▶ **What to do**
State only how many lines below include the string "Defs".

Collected data entries
'''
(* Let $V$ be a finite set of variables and let $(\mathit{base}_0, \mathit{stay}_0, \mathit{step}_0, \mathit{conc}_0)$ and $(\mathit{base}_1, \mathit{stay}_1, \mathit{step}_1, \mathit{conc}_1)$ be generalized acceleration lemmas (GALs) over $V$. Let $\mathit{step} := (\mathit{conc}_0 \land \mathit{step}_0 ) \lor (\mathit{conc}_1 \land \mathit{step}_1 \land \mathit{stay}_0)$. Then the tuple $(\mathit{base}_0 \lor \mathit{base}_1,\ \mathit{stay}_0 \land \mathit{stay}_1,\ \mathit{step},\ \mathit{conc}_0 \lor \mathit{conc}_1)$ is also a GAL over $V$.
   Context: Fix a first-order theory $T$. For a set of variables $X$, $\mathcal{A}(X)$ denotes the set of assignments $\nu: X \to \mathcal{V}$ (values). $X' = \{x' \mid x \in X\}$ is a disjoint primed copy of $X$; for $\nu \in \mathcal{A}(X)$, $\nu' \in \mathcal{A}(X')$ is given by $\nu'(x') = \nu(x)$; for $\nu_1,\nu_2 \in \mathcal{A}(X)$, $\langle \nu_1,\nu_2\rangle := \nu_1 \uplus \nu_2'$. $\nu \models_T \alpha$ denotes entailment in $T$. A generalized acceleration lemma (GAL) over $V$ is a tuple $(\mathit{base}, \mathit{stay}, \mathit{step}, \mathit{conc})$ of first-order formulas with $\mathit{base}, \mathit{conc}$ having free variables in $V$ and $\mathit{stay}, \mathit{step}$ having free variables in $V \cup V'$, such that: (I) for every sequence $\alpha \in \mathcal{A}(V)^\omega$ with $\alpha[0] \models_T \mathit{conc}$, if (a) for all $i$, $\langle\alpha[i],\alpha[i+1]\rangle \models_T \mathit{step} \lor \mathit{stay}$, and (b) for all $i$ there is $j \ge i$ with $\langle\alpha[j],\alpha[j+1]\rangle \models_T \mathit{step}$, then there is $k$ with $\alpha[k] \models_T \mathit{base}$; and (II) for all $\nu,\nu' \in \mathcal{A}(V)$ with $\nu \models_T \mathit{conc}$ and $\langle \nu,\nu'\rangle \models_T \mathit{step}\lor\mathit{stay}$, we have $\nu' \models_T \mathit{conc}$. *)

theory Defs
  imports Main
begin

text \<open>Formulas are modelled semantically: a formula with free variables in V is the
set of assignments (V -> values) satisfying it in the fixed theory T; a formula with
free variables in V and V' is a relation on pairs of assignments, where the pair
(nu1, nu2) stands for the combined assignment nu1 plus primed nu2.
The finite variable set V is the finite type 'v.\<close>

type_synonym ('v, 'a) assignment = "'v \<Rightarrow> 'a"
type_synonym ('v, 'a) sformula = "('v, 'a) assignment \<Rightarrow> bool"
type_synonym ('v, 'a) tformula = "('v, 'a) assignment \<Rightarrow> ('v, 'a) assignment \<Rightarrow> bool"

definition is_GAL ::
  "('v, 'a) sformula \<Rightarrow> ('v, 'a) tformula \<Rightarrow> ('v, 'a) tformula \<Rightarrow> ('v, 'a) sformula \<Rightarrow> bool"
where
  "is_GAL base stay step conc \<longleftrightarrow>
     (\<forall>\<alpha> :: nat \<Rightarrow> ('v, 'a) assignment.
        conc (\<alpha> 0) \<longrightarrow>
        (\<forall>i. step (\<alpha> i) (\<alpha> (Suc i)) \<or> stay (\<alpha> i) (\<alpha> (Suc i))) \<longrightarrow>
        (\<forall>i. \<exists>j\<ge>i. step (\<alpha> j) (\<alpha> (Suc j))) \<longrightarrow>
        (\<exists>k. base (\<alpha> k)))
   \<and> (\<forall>\<nu> \<nu>'. conc \<nu> \<and> (step \<nu> \<nu>' \<or> stay \<nu> \<nu>') \<longrightarrow> conc \<nu>')"

end

theory Submission
  imports Defs "HOL-Library.Infinite_Set"
begin

text \<open>Every transition of the combined lemma is a step or stay of the first lemma. If infinitely
many of them are first-lemma steps taken in a conc0 state, the first lemma applies from
any such state. Otherwise, from some point on every transition is a step1 or a stay1,
infinitely many of them step1-transitions out of conc1 states, and the second lemma applies
from one of those lying beyond that point. Closure of the conclusion is componentwise.\<close>

lemma is_GAL_conc_closed:
  assumes "is_GAL base stay step conc" "conc \<nu>" "step \<nu> \<nu>' \<or> stay \<nu> \<nu>'"
  shows "conc \<nu>'"
  using assms unfolding is_GAL_def by blast

text \<open>The progress condition is applied to the suffix of the run starting at a conc state
beyond which all transitions are steps or stays.\<close>

lemma is_GAL_reaches_base:
  fixes \<alpha> :: "nat \<Rightarrow> ('v, 'a) assignment"
  assumes gal: "is_GAL base stay step conc"
    and trans: "\<forall>\<^sub>\<infinity>i. step (\<alpha> i) (\<alpha> (Suc i)) \<or> stay (\<alpha> i) (\<alpha> (Suc i))"
    and steps: "\<exists>\<^sub>\<infinity>i. conc (\<alpha> i) \<and> step (\<alpha> i) (\<alpha> (Suc i))"
  shows "\<exists>n. base (\<alpha> n)"
proof -
  obtain m where m: "\<And>i. i \<ge> m \<Longrightarrow> step (\<alpha> i) (\<alpha> (Suc i)) \<or> stay (\<alpha> i) (\<alpha> (Suc i))"
    using trans unfolding MOST_nat_le by blast
  obtain k where "k \<ge> m" "conc (\<alpha> k)"
    using steps unfolding INFM_nat_le by blast
  define \<beta> where "\<beta> i = \<alpha> (k + i)" for i
  have "\<exists>j\<ge>i. step (\<beta> j) (\<beta> (Suc j))" for i
  proof -
    obtain n where "n \<ge> k + i" "step (\<alpha> n) (\<alpha> (Suc n))"
      using steps unfolding INFM_nat_le by blast
    then show ?thesis
      unfolding \<beta>_def by (intro exI[of _ "n - k"]) (simp add: Suc_diff_le)
  qed
  moreover have "step (\<beta> i) (\<beta> (Suc i)) \<or> stay (\<beta> i) (\<beta> (Suc i))" for i
    unfolding \<beta>_def using m[of "k + i"] \<open>k \<ge> m\<close> by simp
  moreover have "conc (\<beta> 0)"
    unfolding \<beta>_def using \<open>conc (\<alpha> k)\<close> by simp
  ultimately obtain n where "base (\<beta> n)"
    using gal unfolding is_GAL_def by blast
  then show ?thesis
    unfolding \<beta>_def by blast
qed

lemma is_GAL_progressI:
  assumes "\<And>\<alpha>. conc (\<alpha> 0) \<Longrightarrow> (\<And>i. step (\<alpha> i) (\<alpha> (Suc i)) \<or> stay (\<alpha> i) (\<alpha> (Suc i))) \<Longrightarrow>
      \<exists>\<^sub>\<infinity>i. step (\<alpha> i) (\<alpha> (Suc i)) \<Longrightarrow> \<exists>k. base (\<alpha> k)"
    and "\<And>\<nu> \<nu>'. conc \<nu> \<Longrightarrow> step \<nu> \<nu>' \<or> stay \<nu> \<nu>' \<Longrightarrow> conc \<nu>'"
  shows "is_GAL base stay step conc"
  using assms unfolding is_GAL_def INFM_nat_le by blast

theorem lemma2:
  fixes base0 base1 conc0 conc1 :: "('v::finite, 'a) sformula"
    and stay0 stay1 step0 step1 :: "('v, 'a) tformula"
  assumes "is_GAL base0 stay0 step0 conc0"
    and "is_GAL base1 stay1 step1 conc1"
  shows "is_GAL (\<lambda>\<nu>. base0 \<nu> \<or> base1 \<nu>)
                (\<lambda>\<nu> \<nu>'. stay0 \<nu> \<nu>' \<and> stay1 \<nu> \<nu>')
                (\<lambda>\<nu> \<nu>'. (conc0 \<nu> \<and> step0 \<nu> \<nu>') \<or> (conc1 \<nu> \<and> step1 \<nu> \<nu>' \<and> stay0 \<nu> \<nu>'))
                (\<lambda>\<nu>. conc0 \<nu> \<or> conc1 \<nu>)"
proof (rule is_GAL_progressI)
  fix \<alpha> :: "nat \<Rightarrow> ('v, 'a) assignment"
  define A where "A i \<longleftrightarrow> conc0 (\<alpha> i) \<and> step0 (\<alpha> i) (\<alpha> (Suc i))" for i
  define B where "B i \<longleftrightarrow> conc1 (\<alpha> i) \<and> step1 (\<alpha> i) (\<alpha> (Suc i)) \<and> stay0 (\<alpha> i) (\<alpha> (Suc i))" for i
  assume trans: "\<And>i. (A i \<or> B i) \<or> stay0 (\<alpha> i) (\<alpha> (Suc i)) \<and> stay1 (\<alpha> i) (\<alpha> (Suc i))"
    and "\<exists>\<^sub>\<infinity>i. A i \<or> B i"
  then consider "\<exists>\<^sub>\<infinity>i. A i" | "\<not> (\<exists>\<^sub>\<infinity>i. A i)" "\<exists>\<^sub>\<infinity>i. B i"
    unfolding INFM_disj_distrib by blast
  then show "\<exists>k. base0 (\<alpha> k) \<or> base1 (\<alpha> k)"
  proof cases
    case 1
    have "\<forall>\<^sub>\<infinity>i. step0 (\<alpha> i) (\<alpha> (Suc i)) \<or> stay0 (\<alpha> i) (\<alpha> (Suc i))"
      using trans unfolding A_def B_def by (intro always_eventually) blast
    with assms(1) 1 show ?thesis
      unfolding A_def by (blast dest: is_GAL_reaches_base)
  next
    case 2
    then have "\<forall>\<^sub>\<infinity>i. \<not> A i"
      by simp
    then have "\<forall>\<^sub>\<infinity>i. step1 (\<alpha> i) (\<alpha> (Suc i)) \<or> stay1 (\<alpha> i) (\<alpha> (Suc i))"
      by (rule eventually_mono) (use trans in \<open>auto simp: B_def\<close>)
    moreover have "\<exists>\<^sub>\<infinity>i. conc1 (\<alpha> i) \<and> step1 (\<alpha> i) (\<alpha> (Suc i))"
      using 2 by (elim INFM_mono) (simp add: B_def)
    ultimately show ?thesis
      using assms(2) by (blast dest: is_GAL_reaches_base)
  qed
qed (use assms is_GAL_conc_closed in blast)

end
'''
▶ **Response to this exercise**
2